Heart failure (HF) is a multi-faceted clinical condition affecting up to 2% of the population in the developed world and is linked to significant morbidity and mortality, therefore posing a major public health concern. To this date, pharmacotherapy for HF has mainly focused on chronic HF with reduced ejection fraction (HFrEF), with angiotensin converting enzyme inhibitors (ACEi) being at the centre of the management plan, alongside angiotensin-receptor-blockers (ARBs), β-blockers (BB) and mineralocorticoid receptor antagonists (MRAs). A novel and recently approved therapy, however, involving angiotensin receptor–neprilysin inhibitors (ARNI), has shown very promising results and comparable to those of ACEi, which raises the question of whether ACEi should remain the first-line treatment option for HFrEF. In this review, the evidence regarding the clinical efficacy of ACEi and ARNI in the treatment of HFrEF is discussed, with emphasis placed on the major landmark trials.

Introduction & Background

Heart failure (HF) is a complex clinical syndrome that can result from either structural or functional cardiac abnormalities, compromising the ability of the ventricles to fill and / or eject blood [1]. The heart is hence unable to generate sufficient cardiac output to meet the metabolic demands of tissues, causing symptoms like dyspnoea and fatigue, and signs such as elevated jugular venous pressure, tachycardia, or peripheral oedema [2]. HF can be classified according to the severity of the patient’s symptoms via the New York Heart Association (NYHA), which is depicted below (Table 1[1]. It poses a major and growing public health concern, affecting 1%-2% of the population in developed countries, with the prevalence rising to more than 10% in those aged 70 or more.
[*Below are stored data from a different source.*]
(* Let $X_1,X_2$ be sets, $H_1$ a group acting transitively on $X_1$, $H_2$ an abelian group (written additively) acting on $X_2$, and $H_2'$ a subgroup of $H_2$. Put $X_2'=\{y\in X_2 : \text{for } g\in H_2,\ g\cdot y=y \iff g\in H_2'\}$ and $X=X_1\times X_2'$. Let $\varGamma_1:H_1\times X\to X$, $\varGamma_1(g,(x_1,x_2))=(g\cdot x_1,x_2)$. Let $\varphi:H_2\times X_1\times X_2'\to X_1$ be a map with $\varphi(0,x_1,x_2)=x_1$ and $\varphi(g+h,x_1,x_2)=\varphi(h,\varphi(g,x_1,x_2),g\cdot x_2)$ for all $g,h\in H_2$, and define the action $\varGamma_2:H_2\times X\to X$, $\varGamma_2(g,(x_1,x_2))=(\varphi(g,x_1,x_2),g\cdot x_2)$. Let $G_1=\rho_{\varGamma_1}(H_1)$, $G_2=\rho_{\varGamma_2}(H_2)\subset\mathfrak S(X)$ and assume every element of $G_1$ commutes with every element of $G_2$. Let $x=(x_1^0,x_2^0)\in X$. Then there is a bijection between $G_1\cdot[x]_{G_2}\subset G_2\backslash X$ and the orbit set $H_2'\backslash X_1$ of the action of $H_2'$ on $X_1$ given by $g\cdot y=\varphi(g,y,x_2^0)$, and this bijection commutes with the action of $G_1$ (equivalently of $H_1$), where $H_1$ acts on $G_2\backslash X$ by $h\cdot[z]_{G_2}=[\varGamma_1(h,z)]_{G_2}$ and on $H_2'\backslash X_1$ by $h\cdot[y]=[h\cdot y]$.
   Context: $\mathfrak S(X)$ is the group of bijections of $X$; for an action $\varGamma$ of a group $K$ on $X$, $\rho_\varGamma:K\to\mathfrak S(X)$ is its permutation representation, $\rho_\varGamma(k)(x)=\varGamma(k,x)$. For a group $K$ acting on $Y$, $K\backslash Y$ is the set of orbits and $[y]_K$ the orbit of $y$. Since $H_2'$ fixes $x_2^0$, the formula $g\cdot y=\varphi(g,y,x_2^0)$ ($g\in H_2'$) defines an action of $H_2'$ on $X_1$, and the $H_1$ action on $H_2'\backslash X_1$ is well defined because $G_1$ and $G_2$ commute. *)

theory Defs
  imports "HOL-Algebra.Group_Action"
begin

text \<open>Permutation representation of an action Gamma of K on X, as a set of
  (extensional) maps on X: the image rho_Gamma(K).\<close>
definition perm_rep :: "('k, 'm) monoid_scheme \<Rightarrow> ('k \<Rightarrow> 'x \<Rightarrow> 'x) \<Rightarrow> 'x set \<Rightarrow> ('x \<Rightarrow> 'x) set" where
  "perm_rep K Gam X = (\<lambda>k. restrict (Gam k) X) ` carrier K"

definition perm_orbit :: "('x \<Rightarrow> 'x) set \<Rightarrow> 'x \<Rightarrow> 'x set" where
  "perm_orbit S z = {\<sigma> z | \<sigma>. \<sigma> \<in> S}"

definition perm_orbits :: "('x \<Rightarrow> 'x) set \<Rightarrow> 'x set \<Rightarrow> 'x set set" where
  "perm_orbits S X = perm_orbit S ` X"

definition orbit_act :: "('x \<Rightarrow> 'x set) \<Rightarrow> ('h \<Rightarrow> 'x \<Rightarrow> 'x) \<Rightarrow> 'h \<Rightarrow> 'x set \<Rightarrow> 'x set" where
  "orbit_act orb f h Q = orb (f h (SOME z. z \<in> Q))"

end

theory Submission
  imports Defs
begin

text \<open>
  Because H2 is abelian, the exact-stabilizer condition
  defining X2' is H2-invariant, and the cocycle identity for \<phi> makes \<Gamma>2 a genuine action
  of H2 on X; likewise the stabilizer H2' of x20 acts on X1 through \<psi>.  Transitivity of H1
  shows that the G1-translates of the base orbit [(x10, x20)] are exactly the G2-orbits
  through the fibre X1 \<times> {x20}.  The bijection sends such an orbit Q to its fibre
  {y. (y, x20) \<in> Q}: the fibre of the G2-orbit of (y, x20) is the H2'-orbit of y, because
  g \<in> H2 fixes x20 iff g \<in> H2'.  It is injective since distinct orbits are disjoint, and it
  is H1-equivariant since H1 commutes with \<Gamma>2 and hence induces well-defined maps on orbits.
\<close>

lemma group_actionI:
  assumes "group G"
    and closed: "\<And>g x. g \<in> carrier G \<Longrightarrow> x \<in> E \<Longrightarrow> \<phi> g x \<in> E"
    and ext: "\<And>g. g \<in> carrier G \<Longrightarrow> \<phi> g \<in> extensional E"
    and one: "\<And>x. x \<in> E \<Longrightarrow> \<phi> \<one>\<^bsub>G\<^esub> x = x"
    and mult: "\<And>g h x. g \<in> carrier G \<Longrightarrow> h \<in> carrier G \<Longrightarrow> x \<in> E \<Longrightarrow>
                 \<phi> (g \<otimes>\<^bsub>G\<^esub> h) x = \<phi> g (\<phi> h x)"
  shows "group_action G E \<phi>"
proof -
  interpret G: group G by (fact assms(1))
  have inverse: "\<phi> (inv\<^bsub>G\<^esub> g) (\<phi> g x) = x" if "g \<in> carrier G" "x \<in> E" for g x
    using mult[of "inv\<^bsub>G\<^esub> g" g x] one that by simp
  have bij: "\<phi> g \<in> Bij E" if g: "g \<in> carrier G" for g
  proof -
    have "bij_betw (\<phi> g) E E"
    proof (rule bij_betw_byWitness[where f' = "\<phi> (inv\<^bsub>G\<^esub> g)"])
      show "\<forall>x\<in>E. \<phi> (inv\<^bsub>G\<^esub> g) (\<phi> g x) = x" using inverse g by blast
      show "\<forall>x\<in>E. \<phi> g (\<phi> (inv\<^bsub>G\<^esub> g) x) = x"
        using inverse[of "inv\<^bsub>G\<^esub> g"] g by simp
    qed (use closed g in auto)
    thus ?thesis using ext g unfolding Bij_def by blast
  qed
  have "\<phi> (g \<otimes>\<^bsub>G\<^esub> h) = \<phi> g \<otimes>\<^bsub>BijGroup E\<^esub> \<phi> h"
    if "g \<in> carrier G" "h \<in> carrier G" for g h
  proof -
    have "\<phi> (g \<otimes>\<^bsub>G\<^esub> h) = compose E (\<phi> g) (\<phi> h)"
      using ext[of "g \<otimes>\<^bsub>G\<^esub> h"] mult that
      by (intro extensionalityI[where A = E]) (auto simp: compose_def)
    thus ?thesis using bij that by (simp add: BijGroup_def)
  qed
  hence "\<phi> \<in> hom G (BijGroup E)"
    using bij by (intro homI) (auto simp: BijGroup_def)
  thus ?thesis
    unfolding group_action_def group_hom_def group_hom_axioms_def
    using group_BijGroup assms(1) by blast
qed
Despite advances in treatment, HF is associated with significant morbidity and mortality (five-year survival rate is 50%) and is responsible for substantial healthcare costs ($39 billion per annum in the US) [3-4]. Pharmacotherapy for HF that is linked to improved morbidity or mortality currently includes drugs such as angiotensin-converting enzyme inhibitors (ACEi), angiotensin receptor blockers (ARBs), β-blockers (BB) and mineralocorticoid receptor antagonists (MRAs), while several other drugs with promising benefits are under development. So far, most drugs demonstrating beneficial outcomes in clinical trials have been tested in patients with chronic HF with reduced ejection fraction (HFrEF) (defined as ejection fraction <40% of normal) [5]. The cornerstone and first-line treatment option for chronic HFrEF currently involves ACEi, but a newly licensed angiotensin receptor-neprilysin inhibitor (ARNI) has recently been recommended as a replacement for ACEi in patients with HFrEF NYHA II-IV [6]. Therefore, in this paper, the efficacy of enalapril, an ACEi, is discussed in the treatment of chronic HFrEF, and then compared to the efficacy of sacubitril/valsartan, an ARNI. The aforementioned drugs were chosen as representative of their respective drug classes, due to the amount and quality of literature present, which also allows for a direct, head to head comparison.

Class Symptom Severity
I Symptoms of heart failure only at levels that would limit normal individuals
II Symptoms of heart failure on ordinary exertion
III Symptoms of heart failure on less-than-ordinary exertion
IV Symptoms of heart failure at rest

Review

Mechanism of action

Ace Inhibitors

ACEi have been shown in many studies to attenuate ventricular remodelling and improve ventricular function in patients with HF [7]. This reverse-remodelling can be explained by several proposed mechanisms. Specifically, ACEi have a profound effect on the neuro-hormonal state of patients with HF through their interference with the renin-angiotensin-aldosterone system (RAAS), via the inhibition of the conversion of angiotensin I to angiotensin II. Decreased levels of angiotensin II enhance natriuresis and lower blood pressure (BP), by reducing sympathetic activity, aldosterone and vasopressin release and thus vasoconstriction. In addition, ACEi prevent the breakdown of bradykinin, thus inducing vasodilation and further BP reduction [8]. Lowered arterial and venous pressure in turn leads to reduced preload and importantly afterload, which results in increased stroke volume and improved ejection fraction. ACEi can also inhibit ventricular remodelling by actions at a cellular level, specifically by limiting cardiac hypertrophy and myocardial fibrosis, while also attenuating cardiomyocyte apoptosis. In these ways, ACEi have been shown to have beneficial effects in chronic HF [4, 9, 10].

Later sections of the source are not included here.